> **What is being asked**
For the word "assumes", find each line in the entries where it occurs and copy that line.

> **Extracted records**
lemma (in vector_space) dim_span_Union_le:
  assumes "finite S" "finite P"
    and "\<And>U. U \<in> S \<Longrightarrow> U \<subseteq> span (P \<union> R U)" "\<And>U. U \<in> S \<Longrightarrow> finite (R U)"
    and "\<And>U. U \<in> S \<Longrightarrow> card (R U) \<le> r"
  shows "dim (span (\<Union>S)) \<le> card P + card S * r"
proof -
  have "U \<subseteq> span (P \<union> (\<Union>U\<in>S. R U))" if "U \<in> S" for U
    using assms(3)[OF that] span_mono[of "P \<union> R U" "P \<union> (\<Union>U\<in>S. R U)"] that by blast
  then have "\<Union>S \<subseteq> span (P \<union> (\<Union>U\<in>S. R U))"
    by (rule Union_least)
  then have "dim (\<Union>S) \<le> card (P \<union> (\<Union>U\<in>S. R U))"
    using assms(1,2,4) by (simp add: dim_le_card)
  also have "\<dots> \<le> card P + card (\<Union>U\<in>S. R U)"
    by (rule card_Un_le)
  also have "card (\<Union>U\<in>S. R U) \<le> (\<Sum>U\<in>S. card (R U))"
    using assms(1) by (rule card_UN_le)
  also have "\<dots> \<le> card S * r"
    using sum_mono[of S "\<lambda>U. card (R U)" "\<lambda>_. r"] assms(5) by simp
  finally show ?thesis
    by simp
qed

section \<open>The coordinate space and the Grassmannian\<close>

interpretation V: vector_space "fscale :: 'a::field \<Rightarrow> (nat \<Rightarrow> 'a) \<Rightarrow> nat \<Rightarrow> 'a"
  by (rule vector_space_fscale)

lemma fscale_apply [simp]: "fscale c v i = c * v i"
  by (simp add: fscale_def)

lemma sum_fun_apply: "sum f S i = (\<Sum>v\<in>S. f v i)"
  for f :: "'b \<Rightarrow> nat \<Rightarrow> 'a::comm_monoid_add"
  by (induction S rule: infinite_finite_induct) auto

lemma subspace_Fqn: "V.subspace (Fqn n)"
  unfolding V.subspace_def Fqn_def by auto

lemma span_subset_Fqn: "S \<subseteq> Fqn n \<Longrightarrow> V.span S \<subseteq> Fqn n"
  using V.span_minimal subspace_Fqn by blast

lemma card_Fqn: "card (Fqn n :: (nat \<Rightarrow> 'a::{finite,field}) set) = CARD('a) ^ n"
proof -
  have "Fqn n = {v :: nat \<Rightarrow> 'a. \<forall>i. i \<notin> {..<n} \<longrightarrow> v i = 0}"
    by (auto simp: Fqn_def)
  then show ?thesis
    using card_vanishing_outside[of "{..<n}", where 'a='a] by simp
qed

lemma finite_Fqn: "finite (Fqn n :: (nat \<Rightarrow> 'a::{finite,field}) set)"
proof (rule card_ge_0_finite)
  show "0 < card (Fqn n :: (nat \<Rightarrow> 'a) set)"
    unfolding card_Fqn by (simp add: finite_UNIV_card_ge_0)
qed

lemma finite_grass: "finite (grass n k :: (nat \<Rightarrow> 'a::{finite,field}) set set)"
proof -
  have "grass n k \<subseteq> Pow (Fqn n :: (nat \<Rightarrow> 'a) set)"
    by (auto simp: grass_def)
  then show ?thesis
    using finite_Fqn finite_Pow_iff finite_subset by metis
qed

lemma grass_span_list:
  assumes "U \<in> (grass n k :: (nat \<Rightarrow> 'a::{finite,field}) set set)"
  shows "\<exists>xs. set xs \<subseteq> U \<and> length xs = k \<and> V.span (set xs) = U"
proof -
  obtain B where B: "B \<subseteq> U" "V.independent B" "U \<subseteq> V.span B" "card B = V.dim U"
    using V.basis_exists by blast
  have U: "V.subspace U" "U \<subseteq> Fqn n" "V.dim U = k"
    using assms by (auto simp: grass_def)
  then have "finite B"
    using B(1) finite_Fqn finite_subset by metis
  then obtain xs where xs: "set xs = B" "distinct xs"
    using finite_distinct_list by blast
  have "V.span B \<subseteq> U"
    using B(1) U(1) by (rule V.span_minimal)
  moreover have "length xs = k"
    using xs B(4) U(3) distinct_card by metis
  ultimately show ?thesis
    using xs B(1,3) by (intro exI[of _ xs]) auto
qed
lemma slice_eqI: "(\<And>w. slice f w = slice g w) \<Longrightarrow> f = g"
  by (rule ext) (metis slice_def surj_pair)

lemma slice_ell2: "f \<in> ell2 (UNIV \<times> W) \<Longrightarrow> slice f w \<in> ell2 UNIV"
  unfolding slice_def by (rule ell2I) (auto intro: summable_on_prod_slice[OF ell2_summable])

lemma slice_outside: "f \<in> ell2 (UNIV \<times> W) \<Longrightarrow> w \<notin> W \<Longrightarrow> slice f w = (\<lambda>_. 0)"
  by (auto simp: slice_def ell2_vanishes)

lemma norm2_slice_sq: "f \<in> ell2 (UNIV \<times> W) \<Longrightarrow> (norm2 (slice f w))^2 = infsum (\<lambda>x. (cmod (f (x,w)))^2) UNIV"
  using norm2_sq_eq[OF slice_ell2] by (simp add: slice_def)

lemma norm2_slice_summable: "f \<in> ell2 (UNIV \<times> W) \<Longrightarrow> (\<lambda>w. (norm2 (slice f w))^2) summable_on UNIV"
  using summable_on_prod_outer[OF ell2_summable, of f] by (simp add: norm2_slice_sq)

lemma norm2_sq_eq_infsum_slices: "f \<in> ell2 (UNIV \<times> W) \<Longrightarrow> (norm2 f)^2 = infsum (\<lambda>w. (norm2 (slice f w))^2) UNIV"
  using infsum_swap_prod[OF ell2_summable, of f] by (simp add: norm2_slice_sq norm2_sq_eq)

lemma norm2_slice_le: "F \<in> ell2 (UNIV \<times> J) \<Longrightarrow> norm2 (slice F k) \<le> norm2 F"
proof -
  assume F: "F \<in> ell2 (UNIV \<times> J)"
  have "(norm2 (slice F k))^2 \<le> infsum (\<lambda>w. (norm2 (slice F w))^2) UNIV"
    by (rule infsum_ge_term[OF norm2_slice_summable[OF F]]) simp
  also have "\<dots> = (norm2 F)^2" by (rule norm2_sq_eq_infsum_slices[OF F, symmetric])
  finally show ?thesis by (rule power2_le_imp_le) simp
qed

lemma ell2_from_slices:
  fixes F :: "('x \<times> 'w) vec"
  assumes slice: "\<And>w. slice F w \<in> ell2 UNIV" and s: "(\<lambda>w. (norm2 (slice F w))^2) summable_on UNIV"
    and out: "\<And>x w. w \<notin> W \<Longrightarrow> F (x,w) = 0"
  shows "F \<in> ell2 (UNIV \<times> W)" "(norm2 F)^2 = infsum (\<lambda>w. (norm2 (slice F w))^2) UNIV"
proof -
  have hs: "((\<lambda>x. (\<lambda>(w,x). (cmod (F (x,w)))^2) (w,x)) has_sum (norm2 (slice F w))^2) UNIV" for w
    using norm2_sq_eq[OF slice[of w]] ell2_summable[OF slice[of w]] by (simp add: slice_def has_sum_infsum)
  have "(\<lambda>(w,x). (cmod (F (x,w)))^2) summable_on Sigma UNIV (\<lambda>_. UNIV)"
    by (rule summable_on_SigmaI[OF _ s]) (use hs in auto)
  hence s2: "(\<lambda>(w,x). (cmod (F (x,w)))^2) summable_on UNIV" by simp
  have "(\<lambda>(x,w). (\<lambda>(w,x). (cmod (F (x,w)))^2) (w,x)) summable_on UNIV"
    by (rule summable_on_UNIV_swap[OF s2])
  hence s3: "(\<lambda>p. (cmod (F p))^2) summable_on UNIV" by (simp add: case_prod_unfold)
  show ell: "F \<in> ell2 (UNIV \<times> W)" by (rule ell2I) (use out s3 in auto)
  show "(norm2 F)^2 = infsum (\<lambda>w. (norm2 (slice F w))^2) UNIV" by (rule norm2_sq_eq_infsum_slices[OF ell])
qed

lemma ip_eq_infsum_slices: "F \<in> ell2 (UNIV \<times> W) \<Longrightarrow> G \<in> ell2 (UNIV \<times> W') \<Longrightarrow>
   ip F G = infsum (\<lambda>w. ip (slice F w) (slice G w)) UNIV"
  unfolding ip_def slice_def by (rule infsum_swap_prod[OF ip_summable])

section \<open>Tensor shifts\<close>

text \<open>\<open>tensor_shift d \<sigma> u\<close> is \<open>u \<otimes> S\<^sub>\<sigma>\<close> with \<open>S\<^sub>\<sigma> e\<^sub>w = e\<^bsub>\<sigma> w\<^esub>\<close>; the operators \<open>\<rho>(y)\<close>,
  \<open>u\<^sub>i\<^sub>,\<^sub>j \<otimes> l\<^sub>i\<close> and \<open>u\<^sub>i\<^sub>,\<^sub>j \<otimes> r\<^sub>i\<close> are the cases \<open>\<sigma> w = w\<close>, \<open>\<sigma> w = i w\<close> and \<open>\<sigma> w = w i\<close>.\<close>

definition tensor_shift :: "enat \<Rightarrow> (nat list \<Rightarrow> nat list) \<Rightarrow> ('x,'x) op \<Rightarrow> ('x \<times> nat list, 'x \<times> nat list) op" where
  "tensor_shift d \<sigma> u = (\<lambda>f. if f \<in> ell2 (UNIV \<times> words d)
      then (\<lambda>(x,w'). if w' \<in> range \<sigma> then u (slice f (inv \<sigma> w')) x else 0) else (\<lambda>_. 0))"

definition word_embedding :: "enat \<Rightarrow> (nat list \<Rightarrow> nat list) \<Rightarrow> bool" where
  "word_embedding d \<sigma> \<longleftrightarrow> inj_on \<sigma> UNIV \<and> (\<forall>w. \<sigma> w \<in> words d \<longleftrightarrow> w \<in> words d)"

lemma word_embedding_inj: "word_embedding d \<sigma> \<Longrightarrow> inj_on \<sigma> UNIV" by (simp add: word_embedding_def)

lemma word_embedding_words: "word_embedding d \<sigma> \<Longrightarrow> \<sigma> w \<in> words d \<longleftrightarrow> w \<in> words d" by (simp add: word_embedding_def)

lemma word_embedding_id: "word_embedding d id" by (simp add: word_embedding_def)

lemma word_embedding_Cons: "i \<in> idx d \<Longrightarrow> word_embedding d ((#) i)" by (simp add: word_embedding_def words_def)

lemma word_embedding_snoc: "i \<in> idx d \<Longrightarrow> word_embedding d (\<lambda>w. w @ [i])"
  by (auto simp: word_embedding_def words_def inj_on_def)

lemma word_embedding_comp: "word_embedding d \<tau> \<Longrightarrow> word_embedding d \<sigma> \<Longrightarrow> word_embedding d (\<tau> \<circ> \<sigma>)"
  by (auto simp: word_embedding_def intro: inj_compose)

lemma slice_tensor_shift_image:
  "word_embedding d \<sigma> \<Longrightarrow> f \<in> ell2 (UNIV \<times> words d) \<Longrightarrow> slice (tensor_shift d \<sigma> u f) (\<sigma> w) = u (slice f w)"
  by (simp add: tensor_shift_def slice_def word_embedding_inj)

lemma slice_tensor_shift_outside: "w' \<notin> range \<sigma> \<Longrightarrow> slice (tensor_shift d \<sigma> u f) w' = (\<lambda>_. 0)"
  by (simp add: tensor_shift_def slice_def)

lemma tensor_shift_outside: "f \<notin> ell2 (UNIV \<times> words d) \<Longrightarrow> tensor_shift d \<sigma> u f = (\<lambda>_. 0)"
  by (simp add: tensor_shift_def)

> **Result**
  assumes "finite S" "finite P"
  assumes "U \<in> (grass n k :: (nat \<Rightarrow> 'a::{finite,field}) set set)"
  assumes slice: "\<And>w. slice F w \<in> ell2 UNIV" and s: "(\<lambda>w. (norm2 (slice F w))^2) summable_on UNIV"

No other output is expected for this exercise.